definition cmetric :: "('v::real_vector \<Rightarrow> 'v \<Rightarrow> real) \<Rightarrow> 'v \<times> 'v \<Rightarrow> 'v \<times> 'v \<Rightarrow> complex" where
  "cmetric g z w = Complex (g (fst z) (fst w) - g (snd z) (snd w)) (g (fst z) (snd w) + g (snd z) (fst w))"

definition g10 :: "('v::real_vector \<Rightarrow> 'v) \<Rightarrow> ('v \<times> 'v) set" where
  "g10 J = {(x, - J x) | x. True}"

definition g01 :: "('v::real_vector \<Rightarrow> 'v) \<Rightarrow> ('v \<times> 'v) set" where
  "g01 J = {(x, J x) | x. True}"

definition unitary_frame ::
  "nat \<Rightarrow> ('v::euclidean_space \<Rightarrow> 'v) \<Rightarrow> ('v \<Rightarrow> 'v \<Rightarrow> real) \<Rightarrow> (nat \<Rightarrow> 'v \<times> 'v) \<Rightarrow> bool" where
  "unitary_frame n J g e \<longleftrightarrow>
     (\<forall>i\<in>{1..n}. e i \<in> g10 J) \<and>
     (\<forall>i\<in>{1..n}. \<forall>j\<in>{1..n}. cmetric g (e i) (cconj (e j)) = (if i = j then 1 else 0)) \<and>
     (\<forall>z\<in>g10 J. \<exists>c. z = (\<Sum>i=1..n. cscale (c i) (e i))) \<and>
     (\<forall>c. (\<Sum>i=1..n. cscale (c i) (e i)) = 0 \<longrightarrow> (\<forall>i\<in>{1..n}. c i = 0))"

definition clinear_form :: "('v::real_vector \<times> 'v \<Rightarrow> complex) \<Rightarrow> bool" where
  "clinear_form \<alpha> \<longleftrightarrow> (\<forall>z w. \<alpha> (z + w) = \<alpha> z + \<alpha> w) \<and> (\<forall>c z. \<alpha> (cscale c z) = c * \<alpha> z)"

definition dual_coframe :: "nat \<Rightarrow> (nat \<Rightarrow> 'v::real_vector \<times> 'v) \<Rightarrow> (nat \<Rightarrow> 'v \<times> 'v \<Rightarrow> complex) \<Rightarrow> bool" where
  "dual_coframe n e \<phi> \<longleftrightarrow> (\<forall>i\<in>{1..n}. clinear_form (\<phi> i) \<and>
      (\<forall>j\<in>{1..n}. \<phi> i (e j) = (if i = j then 1 else 0) \<and> \<phi> i (cconj (e j)) = 0))"

definition conj_form :: "('v::real_vector \<times> 'v \<Rightarrow> complex) \<Rightarrow> 'v \<times> 'v \<Rightarrow> complex" where
  "conj_form \<alpha> z = cnj (\<alpha> (cconj z))"

definition wedge :: "('a \<Rightarrow> complex) \<Rightarrow> ('a \<Rightarrow> complex) \<Rightarrow> 'a \<Rightarrow> 'a \<Rightarrow> complex" where
  "wedge \<alpha> \<beta> z w = \<alpha> z * \<beta> w - \<alpha> w * \<beta> z"

definition dform :: "('v::real_vector \<Rightarrow> 'v \<Rightarrow> 'v) \<Rightarrow> ('v \<times> 'v \<Rightarrow> complex) \<Rightarrow> 'v \<times> 'v \<Rightarrow> 'v \<times> 'v \<Rightarrow> complex" where
  "dform br \<alpha> z w = - \<alpha> (cbil br z w)"

definition admissible_eqs ::
  "nat \<Rightarrow> ('v::real_vector \<Rightarrow> 'v \<Rightarrow> 'v) \<Rightarrow> (nat \<Rightarrow> 'v \<times> 'v \<Rightarrow> complex) \<Rightarrow> real \<Rightarrow> (nat \<Rightarrow> complex)
     \<Rightarrow> (nat \<Rightarrow> nat \<Rightarrow> complex) \<Rightarrow> bool" where
  "admissible_eqs n br \<phi> lam v A \<longleftrightarrow>
     (\<forall>z w. dform br (\<phi> 1) z w = - complex_of_real lam * wedge (\<phi> 1) (conj_form (\<phi> 1)) z w) \<and>
     (\<forall>i\<in>{2..n}. \<forall>z w. dform br (\<phi> i) z w =
        - cnj (v i) * wedge (\<phi> 1) (conj_form (\<phi> 1)) z w
        + (\<Sum>j=2..n. cnj (A i j) * wedge (\<lambda>u. \<phi> 1 u + conj_form (\<phi> 1) u) (\<phi> j) z w))"

text \<open>Left-invariant connections are bilinear maps nabla x y = nabla_x y.\<close>
definition torsion :: "('v::real_vector \<Rightarrow> 'v \<Rightarrow> 'v) \<Rightarrow> ('v \<Rightarrow> 'v \<Rightarrow> 'v) \<Rightarrow> 'v \<Rightarrow> 'v \<Rightarrow> 'v" where
  "torsion br nb x y = nb x y - nb y x - br x y"

definition is_bismut_conn ::
  "('v::euclidean_space \<Rightarrow> 'v \<Rightarrow> 'v) \<Rightarrow> ('v \<Rightarrow> 'v) \<Rightarrow> ('v \<Rightarrow> 'v \<Rightarrow> real) \<Rightarrow> ('v \<Rightarrow> 'v \<Rightarrow> 'v) \<Rightarrow> bool" where
  "is_bismut_conn br J g nb \<longleftrightarrow> bilinear nb \<and>
     (\<forall>x y. nb x (J y) = J (nb x y)) \<and>
     (\<forall>x y z. g (nb x y) z + g y (nb x z) = 0) \<and>
     (\<forall>x y z. g (torsion br nb x y) z = - g (torsion br nb x z) y)"

definition bismut :: "('v::euclidean_space \<Rightarrow> 'v \<Rightarrow> 'v) \<Rightarrow> ('v \<Rightarrow> 'v) \<Rightarrow> ('v \<Rightarrow> 'v \<Rightarrow> real) \<Rightarrow> 'v \<Rightarrow> 'v \<Rightarrow> 'v" where
  "bismut br J g = (THE nb. is_bismut_conn br J g nb)"

definition BTP :: "('v::euclidean_space \<Rightarrow> 'v \<Rightarrow> 'v) \<Rightarrow> ('v \<Rightarrow> 'v) \<Rightarrow> ('v \<Rightarrow> 'v \<Rightarrow> real) \<Rightarrow> bool" where
  "BTP br J g \<longleftrightarrow> (let nb = bismut br J g; T = torsion br nb in
     \<forall>x y z. nb x (T y z) - T (nb x y) z - T y (nb x z) = 0)"

definition ccurv :: "('v::real_vector \<Rightarrow> 'v \<Rightarrow> 'v) \<Rightarrow> ('v \<Rightarrow> 'v \<Rightarrow> 'v) \<Rightarrow> 'v \<times> 'v \<Rightarrow> 'v \<times> 'v \<Rightarrow> 'v \<times> 'v \<Rightarrow> 'v \<times> 'v" where
  "ccurv br nb X Y Z = cbil nb X (cbil nb Y Z) - cbil nb Y (cbil nb X Z) - cbil nb (cbil br X Y) Z"

definition BKL :: "nat \<Rightarrow> ('v::euclidean_space \<Rightarrow> 'v \<Rightarrow> 'v) \<Rightarrow> ('v \<Rightarrow> 'v) \<Rightarrow> ('v \<Rightarrow> 'v \<Rightarrow> real)
     \<Rightarrow> (nat \<Rightarrow> 'v \<times> 'v) \<Rightarrow> bool" where
  "BKL n br J g e \<longleftrightarrow> (let R = ccurv br (bismut br J g) in
     (\<forall>X\<in>g10 J. \<forall>Y\<in>g10 J. \<forall>Z. R X Y Z = 0) \<and>
     (\<forall>X\<in>g01 J. \<forall>Y\<in>g01 J. \<forall>Z. R X Y Z = 0) \<and>
     (\<forall>i\<in>{1..n}. \<forall>j\<in>{1..n}. \<forall>k\<in>{1..n}. \<forall>l\<in>{1..n}.
        cmetric g (R (e i) (cconj (e j)) (e k)) (cconj (e l))
        = cmetric g (R (e k) (cconj (e j)) (e i)) (cconj (e l))))"

end

theory Submission
  imports Defs
begin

***

-- WORK REQUEST --
Retype all of the material, keeping each line exact.

-- SOLUTION BELOW --
definition cmetric :: "('v::real_vector \<Rightarrow> 'v \<Rightarrow> real) \<Rightarrow> 'v \<times> 'v \<Rightarrow> 'v \<times> 'v \<Rightarrow> complex" where
  "cmetric g z w = Complex (g (fst z) (fst w) - g (snd z) (snd w)) (g (fst z) (snd w) + g (snd z) (fst w))"

definition g10 :: "('v::real_vector \<Rightarrow> 'v) \<Rightarrow> ('v \<times> 'v) set" where
  "g10 J = {(x, - J x) | x. True}"

definition g01 :: "('v::real_vector \<Rightarrow> 'v) \<Rightarrow> ('v \<times> 'v) set" where
  "g01 J = {(x, J x) | x. True}"

definition unitary_frame ::
  "nat \<Rightarrow> ('v::euclidean_space \<Rightarrow> 'v) \<Rightarrow> ('v \<Rightarrow> 'v \<Rightarrow> real) \<Rightarrow> (nat \<Rightarrow> 'v \<times> 'v) \<Rightarrow> bool" where
  "unitary_frame n J g e \<longleftrightarrow>
     (\<forall>i\<in>{1..n}. e i \<in> g10 J) \<and>
     (\<forall>i\<in>{1..n}. \<forall>j\<in>{1..n}. cmetric g (e i) (cconj (e j)) = (if i = j then 1 else 0)) \<and>
     (\<forall>z\<in>g10 J. \<exists>c. z = (\<Sum>i=1..n. cscale (c i) (e i))) \<and>
     (\<forall>c. (\<Sum>i=1..n. cscale (c i) (e i)) = 0 \<longrightarrow> (\<forall>i\<in>{1..n}. c i = 0))"

definition clinear_form :: "('v::real_vector \<times> 'v \<Rightarrow> complex) \<Rightarrow> bool" where
  "clinear_form \<alpha> \<longleftrightarrow> (\<forall>z w. \<alpha> (z + w) = \<alpha> z + \<alpha> w) \<and> (\<forall>c z. \<alpha> (cscale c z) = c * \<alpha> z)"

definition dual_coframe :: "nat \<Rightarrow> (nat \<Rightarrow> 'v::real_vector \<times> 'v) \<Rightarrow> (nat \<Rightarrow> 'v \<times> 'v \<Rightarrow> complex) \<Rightarrow> bool" where
  "dual_coframe n e \<phi> \<longleftrightarrow> (\<forall>i\<in>{1..n}. clinear_form (\<phi> i) \<and>
      (\<forall>j\<in>{1..n}. \<phi> i (e j) = (if i = j then 1 else 0) \<and> \<phi> i (cconj (e j)) = 0))"

definition conj_form :: "('v::real_vector \<times> 'v \<Rightarrow> complex) \<Rightarrow> 'v \<times> 'v \<Rightarrow> complex" where
  "conj_form \<alpha> z = cnj (\<alpha> (cconj z))"

definition wedge :: "('a \<Rightarrow> complex) \<Rightarrow> ('a \<Rightarrow> complex) \<Rightarrow> 'a \<Rightarrow> 'a \<Rightarrow> complex" where
  "wedge \<alpha> \<beta> z w = \<alpha> z * \<beta> w - \<alpha> w * \<beta> z"

definition dform :: "('v::real_vector \<Rightarrow> 'v \<Rightarrow> 'v) \<Rightarrow> ('v \<times> 'v \<Rightarrow> complex) \<Rightarrow> 'v \<times> 'v \<Rightarrow> 'v \<times> 'v \<Rightarrow> complex" where
  "dform br \<alpha> z w = - \<alpha> (cbil br z w)"

definition admissible_eqs ::
  "nat \<Rightarrow> ('v::real_vector \<Rightarrow> 'v \<Rightarrow> 'v) \<Rightarrow> (nat \<Rightarrow> 'v \<times> 'v \<Rightarrow> complex) \<Rightarrow> real \<Rightarrow> (nat \<Rightarrow> complex)
     \<Rightarrow> (nat \<Rightarrow> nat \<Rightarrow> complex) \<Rightarrow> bool" where
  "admissible_eqs n br \<phi> lam v A \<longleftrightarrow>
     (\<forall>z w. dform br (\<phi> 1) z w = - complex_of_real lam * wedge (\<phi> 1) (conj_form (\<phi> 1)) z w) \<and>
     (\<forall>i\<in>{2..n}. \<forall>z w. dform br (\<phi> i) z w =
        - cnj (v i) * wedge (\<phi> 1) (conj_form (\<phi> 1)) z w
        + (\<Sum>j=2..n. cnj (A i j) * wedge (\<lambda>u. \<phi> 1 u + conj_form (\<phi> 1) u) (\<phi> j) z w))"

text \<open>Left-invariant connections are bilinear maps nabla x y = nabla_x y.\<close>
definition torsion :: "('v::real_vector \<Rightarrow> 'v \<Rightarrow> 'v) \<Rightarrow> ('v \<Rightarrow> 'v \<Rightarrow> 'v) \<Rightarrow> 'v \<Rightarrow> 'v \<Rightarrow> 'v" where
  "torsion br nb x y = nb x y - nb y x - br x y"

definition is_bismut_conn ::
  "('v::euclidean_space \<Rightarrow> 'v \<Rightarrow> 'v) \<Rightarrow> ('v \<Rightarrow> 'v) \<Rightarrow> ('v \<Rightarrow> 'v \<Rightarrow> real) \<Rightarrow> ('v \<Rightarrow> 'v \<Rightarrow> 'v) \<Rightarrow> bool" where
  "is_bismut_conn br J g nb \<longleftrightarrow> bilinear nb \<and>
     (\<forall>x y. nb x (J y) = J (nb x y)) \<and>
     (\<forall>x y z. g (nb x y) z + g y (nb x z) = 0) \<and>
     (\<forall>x y z. g (torsion br nb x y) z = - g (torsion br nb x z) y)"

definition bismut :: "('v::euclidean_space \<Rightarrow> 'v \<Rightarrow> 'v) \<Rightarrow> ('v \<Rightarrow> 'v) \<Rightarrow> ('v \<Rightarrow> 'v \<Rightarrow> real) \<Rightarrow> 'v \<Rightarrow> 'v \<Rightarrow> 'v" where
  "bismut br J g = (THE nb. is_bismut_conn br J g nb)"

definition BTP :: "('v::euclidean_space \<Rightarrow> 'v \<Rightarrow> 'v) \<Rightarrow> ('v \<Rightarrow> 'v) \<Rightarrow> ('v \<Rightarrow> 'v \<Rightarrow> real) \<Rightarrow> bool" where
  "BTP br J g \<longleftrightarrow> (let nb = bismut br J g; T = torsion br nb in
     \<forall>x y z. nb x (T y z) - T (nb x y) z - T y (nb x z) = 0)"

definition ccurv :: "('v::real_vector \<Rightarrow> 'v \<Rightarrow> 'v) \<Rightarrow> ('v \<Rightarrow> 'v \<Rightarrow> 'v) \<Rightarrow> 'v \<times> 'v \<Rightarrow> 'v \<times> 'v \<Rightarrow> 'v \<times> 'v \<Rightarrow> 'v \<times> 'v" where
  "ccurv br nb X Y Z = cbil nb X (cbil nb Y Z) - cbil nb Y (cbil nb X Z) - cbil nb (cbil br X Y) Z"

definition BKL :: "nat \<Rightarrow> ('v::euclidean_space \<Rightarrow> 'v \<Rightarrow> 'v) \<Rightarrow> ('v \<Rightarrow> 'v) \<Rightarrow> ('v \<Rightarrow> 'v \<Rightarrow> real)
     \<Rightarrow> (nat \<Rightarrow> 'v \<times> 'v) \<Rightarrow> bool" where
  "BKL n br J g e \<longleftrightarrow> (let R = ccurv br (bismut br J g) in
     (\<forall>X\<in>g10 J. \<forall>Y\<in>g10 J. \<forall>Z. R X Y Z = 0) \<and>
     (\<forall>X\<in>g01 J. \<forall>Y\<in>g01 J. \<forall>Z. R X Y Z = 0) \<and>
     (\<forall>i\<in>{1..n}. \<forall>j\<in>{1..n}. \<forall>k\<in>{1..n}. \<forall>l\<in>{1..n}.
        cmetric g (R (e i) (cconj (e j)) (e k)) (cconj (e l))
        = cmetric g (R (e k) (cconj (e j)) (e i)) (cconj (e l))))"

end

theory Submission
  imports Defs
begin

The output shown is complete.